Michael S. Powell v. The Home Depot U.S.A., Inc.

Summarized by:

  • Court: Intellectual Property Archives
  • Area(s) of Law: Patents
  • Date Filed: 11-14-2011
  • Case #: 2010-1409, 2010-1416
  • Judge(s)/Court Below: Prost, Linn, and Dyk
  • Full Text Opinion

“A willful infringement determination requires” that “a patentee must show by clear and convincing evidence that the infringer acted despite an objectively high likelihood that its actions constituted infringement” and if that is met that the “objectively-defined risk was either known or so obvious that it should have been known to the accused infringer”

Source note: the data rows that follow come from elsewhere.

(* Let $b$ be a prime, $m$ a positive integer, $N=b^m$, and $w\ge0$ an integer. For $k\in\mathbb{Z}$ let $$T_{N,w}(k)=\sum_{z\in\mathcal{Z}_{N,w}}\ \sum_{\substack{-N/2<h\le N/2\\ h\ne0}}\frac{e^{2\pi i h k b^{w} z/N}}{|h|}.$$ Then $$\sum_{k=1}^{N-1}\frac{|T_{N,w}(k)|}{|\mathcal{Z}_{N,w}|}\le 2b^{\min\{w,m\}}S_N.$$
   Context: $\mathcal{Z}_{N,w}=\{z\in\{1,\dots,b^{m-w}-1\}:\gcd(z,b^m)=1\}$ if $w<m$, and $\mathcal{Z}_{N,w}=\{1\}$ if $w\ge m$. $S_N=\sum_{-N/2<h\le N/2,\,h\ne0}\frac{1}{|h|}$. *)

theory Defs
  imports "HOL-Analysis.Analysis" "HOL-Computational_Algebra.Primes"
begin

definition Zset :: "nat \<Rightarrow> nat \<Rightarrow> nat \<Rightarrow> nat set" where
  "Zset b m w = (if w < m then {z \<in> {1..b^(m-w) - 1}. gcd z (b^m) = 1} else {1})"

definition Hset :: "nat \<Rightarrow> int set" where
  "Hset N = {h::int. - real N / 2 < real_of_int h \<and> real_of_int h \<le> real N / 2 \<and> h \<noteq> 0}"

definition S_N :: "nat \<Rightarrow> real" where
  "S_N N = (\<Sum>h\<in>Hset N. 1 / real_of_int \<bar>h\<bar>)"

definition T_Nw :: "nat \<Rightarrow> nat \<Rightarrow> nat \<Rightarrow> int \<Rightarrow> complex" where
  "T_Nw b m w k = (let N = b^m in
     (\<Sum>z\<in>Zset b m w. \<Sum>h\<in>Hset N.
        exp (2 * of_real pi * \<i> * of_int h * of_int k * of_nat (b^w) * of_nat z / of_nat N)
          / of_int \<bar>h\<bar>))"

end

theory Submission
  imports Defs
begin

text \<open>
  Write \<open>M = b^(m-w)\<close>, so that \<open>N = M b^min(w,m)\<close> and \<open>T_{N,w}(k)\<close> only depends on \<open>k\<close>
  modulo \<open>M\<close>. If \<open>M\<close> divides \<open>k\<close> then every exponential is \<open>1\<close> and
  \<open>T_{N,w}(k) = |Z_{N,w}| S_N\<close>. Otherwise the sum over \<open>z\<close> is a Ramanujan sum modulo
  the prime power \<open>M\<close>, equal to \<open>M [M | hk] - (M/b) [M/b | hk]\<close>; since \<open>M \<nmid> k\<close>,
  \<open>M | hk\<close> forces \<open>b | h\<close>, and \<open>h \<mapsto> h/b\<close> shows that \<open>T_{N,w}(k)\<close> is a nonpositive real.
  Hence \<open>|T_{N,w}(k)| = -T_{N,w}(k)\<close> off the \<open>b^min(w,m) - 1\<close> nonzero multiples of \<open>M\<close>,
  and orthogonality of characters gives \<open>\<Sum>\<^sub>k T_{N,w}(k) \<ge> 0\<close> over a full period,
  so the remaining terms contribute at most \<open>T_{N,w}(0) = |Z_{N,w}| S_N\<close>.
\<close>

definition root_of_unity_sum :: "nat \<Rightarrow> int \<Rightarrow> real" where
  "root_of_unity_sum n a = (if int n dvd a then real n else 0)"

lemma exp_2pi_int_eq_1: "exp (2 * of_real pi * \<i> * of_int j) = 1"
  by (metis exp_2pi_1_int mult.commute mult.left_commute)

lemma sum_roots_of_unity:
  assumes "n > 0"
  shows "(\<Sum>k<n. exp (2 * of_real pi * \<i> * of_int a * of_nat k / of_nat n))
       = of_real (root_of_unity_sum n a)"
proof -
  define \<omega> where "\<omega> = exp (2 * of_real pi * \<i> * of_int a / of_nat n)"
  have power: "exp (2 * of_real pi * \<i> * of_int a * of_nat k / of_nat n) = \<omega> ^ k" for k
    unfolding \<omega>_def by (subst exp_of_nat_mult[symmetric]) (simp add: field_simps)
  have "\<omega> ^ n = 1"
    unfolding \<omega>_def using assms
    by (subst exp_of_nat_mult[symmetric]) (simp add: field_simps exp_2pi_int_eq_1)
  moreover have "\<omega> = 1 \<longleftrightarrow> int n dvd a"
  proof
    assume "\<omega> = 1"
    then obtain j :: int where "2 * pi * of_int a / of_nat n = of_int (2 * j) * pi"
      unfolding \<omega>_def exp_eq_1 by auto
    then have "of_int a = real n * of_int j" using assms by (simp add: field_simps)
    then have "a = int n * j" by (metis of_int_eq_iff of_int_mult of_int_of_nat_eq)
    then show "int n dvd a" by simp
  next
    assume "int n dvd a"
    then obtain j where "a = int n * j" by auto
    then show "\<omega> = 1" unfolding \<omega>_def using assms by (simp add: field_simps exp_2pi_int_eq_1)
  qed
  ultimately show ?thesis
    by (auto simp: power geometric_sum root_of_unity_sum_def)
qed

lemma coprime_prime_power_right_iff:
  fixes p z :: nat
  assumes "prime p" and "m > 0"
  shows "coprime z (p ^ m) \<longleftrightarrow> \<not> p dvd z"
proof -
  have "coprime z p \<longleftrightarrow> \<not> p dvd z"
    using assms(1) by (auto intro: prime_imp_coprime simp: coprime_commute
        dest: coprime_common_divisor[of z p p] not_prime_unit)
  then show ?thesis using assms(2) by (simp add: coprime_power_right_iff)
qed

lemma Zset_eq_diff:
  assumes "prime b" and "m - w = Suc j"
  shows "Zset b m w = {..<b ^ Suc j} - (\<lambda>y. b * y) ` {..<b ^ j}"
proof -
  have "b > 0" using assms(1) prime_gt_0_nat by blast
  then have "z \<in> (\<lambda>y. b * y) ` {..<b ^ j} \<longleftrightarrow> b dvd z \<and> z < b ^ Suc j" for z
    by (auto elim!: dvdE)
  moreover have "z \<in> Zset b m w \<longleftrightarrow> z < b ^ Suc j \<and> \<not> b dvd z" for z
    using assms coprime_prime_power_right_iff[OF assms(1), of m z]
    by (auto simp: Zset_def coprime_iff_gcd_eq_1 Suc_le_eq intro!: Nat.gr0I)
  ultimately show ?thesis by blast
qed

lemma finite_Zset: "finite (Zset b m w)"
  by (simp add: Zset_def)

lemma card_Zset_pos:
  assumes "prime b"
  shows "card (Zset b m w) > 0"
proof -
  have "1 < b" using assms prime_gt_1_nat by blast
  then have "1 < b^(m-w)" if "w < m"
    using that by (intro one_less_power) auto
  then have "1 \<in> Zset b m w"
    by (auto simp: Zset_def)
  then show ?thesis using finite_Zset by (auto simp: card_gt_0_iff)
qed

lemma sum_Zset_exp:
  assumes "prime b" and "m - w = Suc j"
  shows "(\<Sum>z\<in>Zset b m w. exp (2 * of_real pi * \<i> * of_int a * of_nat z / of_nat (b ^ Suc j)))
       = of_real (root_of_unity_sum (b ^ Suc j) a - root_of_unity_sum (b ^ j) a)"
proof -
  have "b > 1" using assms(1) prime_gt_1_nat by blast
  let ?e = "\<lambda>M z. exp (2 * of_real pi * \<i> * of_int a * of_nat z / of_nat M) :: complex"
  have "(\<Sum>z\<in>Zset b m w. ?e (b ^ Suc j) z)
      = (\<Sum>z<b ^ Suc j. ?e (b ^ Suc j) z) - (\<Sum>z\<in>(\<lambda>y. b * y) ` {..<b ^ j}. ?e (b ^ Suc j) z)"
    unfolding Zset_eq_diff[OF assms] by (rule sum_diff) (use \<open>b > 1\<close> in auto)
  also have "(\<Sum>z\<in>(\<lambda>y. b * y) ` {..<b ^ j}. ?e (b ^ Suc j) z) = (\<Sum>y<b ^ j. ?e (b ^ j) y)"
    using \<open>b > 1\<close> by (subst sum.reindex) (auto simp: inj_on_def field_simps intro!: sum.cong)
  moreover have "b ^ j > 0" and "b ^ Suc j > 0"
    using \<open>b > 1\<close> by simp_all
  ultimately show ?thesis
    by (simp only: sum_roots_of_unity of_real_diff)
qed

lemma finite_Hset: "finite (Hset N)"
proof (rule finite_subset)
  show "Hset N \<subseteq> {-int N..int N}"
    by (auto simp: Hset_def)
qed simp

lemma Hset_div:
  assumes "h \<in> Hset N" and "d dvd h" and "d > 0"
  shows "h div d \<in> Hset N"
proof -
  obtain q where q: "h = d * q" using assms(2) by blast
  have "q \<noteq> 0" using assms(1) q by (auto simp: Hset_def)
  then consider "0 < q" "q \<le> h" | "q < 0" "h \<le> q"
    using assms(3) q by (cases "q > 0") (auto simp: mult_le_cancel_right1 mult_le_cancel_right2)
  then show ?thesis
    using assms q \<open>q \<noteq> 0\<close> unfolding Hset_def
    by (cases; simp only: mem_Collect_eq nonzero_mult_div_cancel_left; linarith)
qed

lemma S_N_nonneg: "S_N N \<ge> 0"
  unfolding S_N_def by (intro sum_nonneg) simp

lemma S_N_of_real: "(\<Sum>h\<in>Hset N. 1 / (of_int \<bar>h\<bar> :: complex)) = of_real (S_N N)"
  unfolding S_N_def of_real_sum
  by (intro sum.cong refl) (simp add: of_real_divide, metis of_int_abs of_real_of_int_eq)

lemma T_Nw_eq_sum_Hset:
  assumes "prime b" and "m - w = Suc j"
  shows "T_Nw b m w k = of_real (\<Sum>h\<in>Hset (b^m).
     (root_of_unity_sum (b ^ Suc j) (h * k) - root_of_unity_sum (b ^ j) (h * k))
       / real_of_int \<bar>h\<bar>)"
proof -
  have "b > 0" using assms(1) prime_gt_0_nat by blast
  have "m = w + Suc j" using assms(2) by simp
  then have N: "b^m = b^w * b ^ Suc j" by (simp only: power_add)
  have exponent: "exp (2 * of_real pi * \<i> * of_int h * of_int k * of_nat (b^w) * of_nat z / of_nat (b^m))
      = exp (2 * of_real pi * \<i> * of_int (h * k) * of_nat z / of_nat (b ^ Suc j))" for h z
    using \<open>b > 0\<close> unfolding N by (simp add: field_simps)
  have "T_Nw b m w k = (\<Sum>h\<in>Hset (b^m). (\<Sum>z\<in>Zset b m w.
          exp (2 * of_real pi * \<i> * of_int (h * k) * of_nat z / of_nat (b ^ Suc j))) / of_int \<bar>h\<bar>)"
    unfolding T_Nw_def Let_def exponent
    by (subst sum.swap) (simp add: sum_divide_distrib)
  also have "\<dots> = (\<Sum>h\<in>Hset (b^m). of_real ((root_of_unity_sum (b ^ Suc j) (h * k)
      - root_of_unity_sum (b ^ j) (h * k)) / real_of_int \<bar>h\<bar>))"
    unfolding sum_Zset_exp[OF assms]
    by (intro sum.cong refl) (simp add: of_real_divide, metis of_int_abs of_real_of_int_eq)
  finally show ?thesis
    unfolding of_real_sum .
qed

lemma sum_Hset_root_of_unity_sum_diff_nonpos:
  assumes "prime p" and "\<not> int (p ^ Suc j) dvd k"
  shows "(\<Sum>h\<in>Hset N. (root_of_unity_sum (p ^ Suc j) (h * k) - root_of_unity_sum (p ^ j) (h * k))
           / real_of_int \<bar>h\<bar>) \<le> 0"
proof -
  define D1 where "D1 = {h \<in> Hset N. int (p ^ Suc j) dvd h * k}"
  define D2 where "D2 = {h \<in> Hset N. int (p ^ j) dvd h * k}"
  have "p > 0" using assms(1) prime_gt_0_nat by blast
  have p_dvd: "int p dvd h" if "h \<in> D1" for h
  proof (rule ccontr)
    assume "\<not> int p dvd h"
    with assms(1) have "coprime (int p ^ Suc j) h"
      by (simp add: coprime_power_left_iff prime_imp_coprime)
    with that have "int (p ^ Suc j) dvd k"
      unfolding D1_def by (simp add: coprime_dvd_mult_right_iff)
    with assms(2) show False ..
  qed
  have inj: "inj_on (\<lambda>h. h div int p) D1"
    by (rule inj_onI) (metis p_dvd dvd_div_mult_self)
  have image: "(\<lambda>h. h div int p) ` D1 \<subseteq> D2"
  proof
    fix x assume "x \<in> (\<lambda>h. h div int p) ` D1"
    then obtain h where h: "h \<in> D1" and x: "x = h div int p" by blast
    obtain q where q: "h = int p * q" using p_dvd[OF h] by blast
    have "int p * int (p ^ j) dvd int p * (q * k)"
      using h q unfolding D1_def by (simp add: mult.assoc)
    then have "int (p ^ j) dvd x * k"
      using \<open>p > 0\<close> q x by simp
    moreover have "x \<in> Hset N"
      using h p_dvd[OF h] \<open>p > 0\<close> x unfolding D1_def by (simp add: Hset_div)
    ultimately show "x \<in> D2" unfolding D2_def by simp
  qed
  have "(\<Sum>h\<in>Hset N. (root_of_unity_sum (p ^ Suc j) (h * k) - root_of_unity_sum (p ^ j) (h * k))
           / real_of_int \<bar>h\<bar>)
      = (\<Sum>h\<in>Hset N. (if int (p ^ Suc j) dvd h * k then real (p ^ Suc j) / real_of_int \<bar>h\<bar> else 0)
          - (if int (p ^ j) dvd h * k then real (p ^ j) / real_of_int \<bar>h\<bar> else 0))"
    by (intro sum.cong refl) (simp add: root_of_unity_sum_def diff_divide_distrib)
  also have "\<dots> = (\<Sum>h\<in>D1. real (p ^ Suc j) / real_of_int \<bar>h\<bar>)
      - (\<Sum>h\<in>D2. real (p ^ j) / real_of_int \<bar>h\<bar>)"
    unfolding D1_def D2_def by (simp only: sum_subtractf sum.inter_filter[OF finite_Hset])
  also have "(\<Sum>h\<in>D1. real (p ^ Suc j) / real_of_int \<bar>h\<bar>)
      = (\<Sum>h\<in>(\<lambda>h. h div int p) ` D1. real (p ^ j) / real_of_int \<bar>h\<bar>)"
    unfolding sum.reindex[OF inj] using \<open>p > 0\<close>
    by (intro sum.cong refl) (auto dest!: p_dvd simp: abs_mult)
  also have "\<dots> \<le> (\<Sum>h\<in>D2. real (p ^ j) / real_of_int \<bar>h\<bar>)"
    by (rule sum_mono2[OF _ image]) (simp_all add: D2_def finite_Hset)
  finally show ?thesis by simp
qed

lemma norm_T_Nw_off_multiples:
  assumes "prime b" and "\<not> int (b^(m-w)) dvd k"
  shows "norm (T_Nw b m w k) = - Re (T_Nw b m w k)"
proof -
  obtain j where j: "m - w = Suc j"
    using assms(2) by (cases "m - w") auto
  define r where "r = (\<Sum>h\<in>Hset (b^m).
     (root_of_unity_sum (b ^ Suc j) (h * k) - root_of_unity_sum (b ^ j) (h * k)) / real_of_int \<bar>h\<bar>)"
  have "T_Nw b m w k = of_real r"
    unfolding r_def by (rule T_Nw_eq_sum_Hset[OF assms(1) j])
  moreover have "r \<le> 0"
    unfolding r_def using assms(2) unfolding j by (rule sum_Hset_root_of_unity_sum_diff_nonpos[OF assms(1)])
  ultimately show ?thesis by simp
qed

lemma T_Nw_at_multiples:
  assumes "b > 0" and "int (b^(m-w)) dvd k"
  shows "T_Nw b m w k = of_real (real (card (Zset b m w)) * S_N (b^m))"
proof -
  obtain j where j: "k = int (b^(m-w)) * j" using assms(2) by blast
  have N: "b^w * b^(m-w) = b^m * b^(w-m)"
    by (cases "w \<le> m") (simp_all flip: power_add)
  have "exp (2 * of_real pi * \<i> * of_int h * of_int k * of_nat (b^w) * of_nat z / of_nat (b^m)) = 1"
    for h z
  proof -
    have "(of_nat (b^w) * of_nat (b^(m-w)) :: complex) = of_nat (b^m) * of_nat (b^(w-m))"
      by (metis N of_nat_mult)
    then have "2 * of_real pi * \<i> * of_int h * of_int k * of_nat (b^w) * of_nat z / of_nat (b^m)
        = 2 * of_real pi * \<i> * (of_int (h * j * int z * int (b^(w-m))) :: complex)"
      using assms(1) unfolding j by (simp add: field_simps)
    then show ?thesis by (simp only: exp_2pi_int_eq_1)
  qed
  then have "T_Nw b m w k = (\<Sum>z\<in>Zset b m w. \<Sum>h\<in>Hset (b^m). 1 / of_int \<bar>h\<bar>)"
    unfolding T_Nw_def Let_def by simp
  then show ?thesis by (simp add: S_N_of_real)
qed

lemma sum_T_Nw_nonneg:
  assumes "b > 0"
  shows "Re (\<Sum>k=0..int (b^m) - 1. T_Nw b m w k) \<ge> 0"
proof -
  define N where "N = b^m"
  have "N > 0" unfolding N_def using assms by simp
  have "{0..int N - 1} = int ` {..<N}"
    by (auto simp: image_iff intro!: bexI[of _ "nat x" for x])
  then have "(\<Sum>k=0..int N - 1. T_Nw b m w k) = (\<Sum>k<N. T_Nw b m w (int k))"
    by (simp add: sum.reindex)
  also have "\<dots> = (\<Sum>z\<in>Zset b m w. \<Sum>h\<in>Hset N. (\<Sum>k<N.
      exp (2 * of_real pi * \<i> * of_int (h * int (b^w * z)) * of_nat k / of_nat N)) / of_int \<bar>h\<bar>)"
    unfolding T_Nw_def Let_def N_def[symmetric] sum_divide_distrib
    by (subst sum.swap, subst (2) sum.swap) (simp add: field_simps)
  also have "\<dots> = of_real (\<Sum>z\<in>Zset b m w. \<Sum>h\<in>Hset N.
      root_of_unity_sum N (h * int (b^w * z)) / real_of_int \<bar>h\<bar>)"
    unfolding sum_roots_of_unity[OF \<open>N > 0\<close>] of_real_sum
    by (intro sum.cong refl) (simp add: of_real_divide, metis of_int_abs of_real_of_int_eq)
  finally show ?thesis
    unfolding N_def by (auto simp: root_of_unity_sum_def intro!: sum_nonneg)
qed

The Home Depot U.S.A., Inc. (“Home Depot”) appealed from the District Court for the Southern District of Florida’s decision of patent infringement of Michael S. Powell’s (“Powell”) U.S. Patent No. 7,044,039 (“’039 Patent”), the validity of the ‘039 Patent due to inequitable conduct, and the amount awarded to Powell including adjustment for the willfulness of the infringement. The Court of Appeals for the Federal Circuit affirmed all the findings of the District Court. Home Depot’s challenge to infringement was based on the District Court’s claim construction of “dust collection structure” and “table top.” The Court of Appeals agreed with the District Court’s construction of the terms and held that there was substantial evidence for a finding of infringement. Home Depot argued that Powell acted inequitably by not updating his Petition to Make Special for the ‘039 Patent due to a change in circumstances. The Court of Appeals stated that an applicant’s failure “to update [] the circumstances which support a Petition to Make Special [] does not constitute inequitable conduct.” The Court of Appeals found that Powell had fulfilled the objective prong and had presented adequate evidence for the jury to decide Powell had met the subjective prong of the two-pronged analysis for willful infringement allowing the enhanced of damages. Finally, the Court of Appeals found that the District Court did not abuse its discretion in awarding attorney fees upon finding the case was exceptional based on Home Depot’s “litigation misconduct and vexatious and bad faith litigation. AFFIRMED.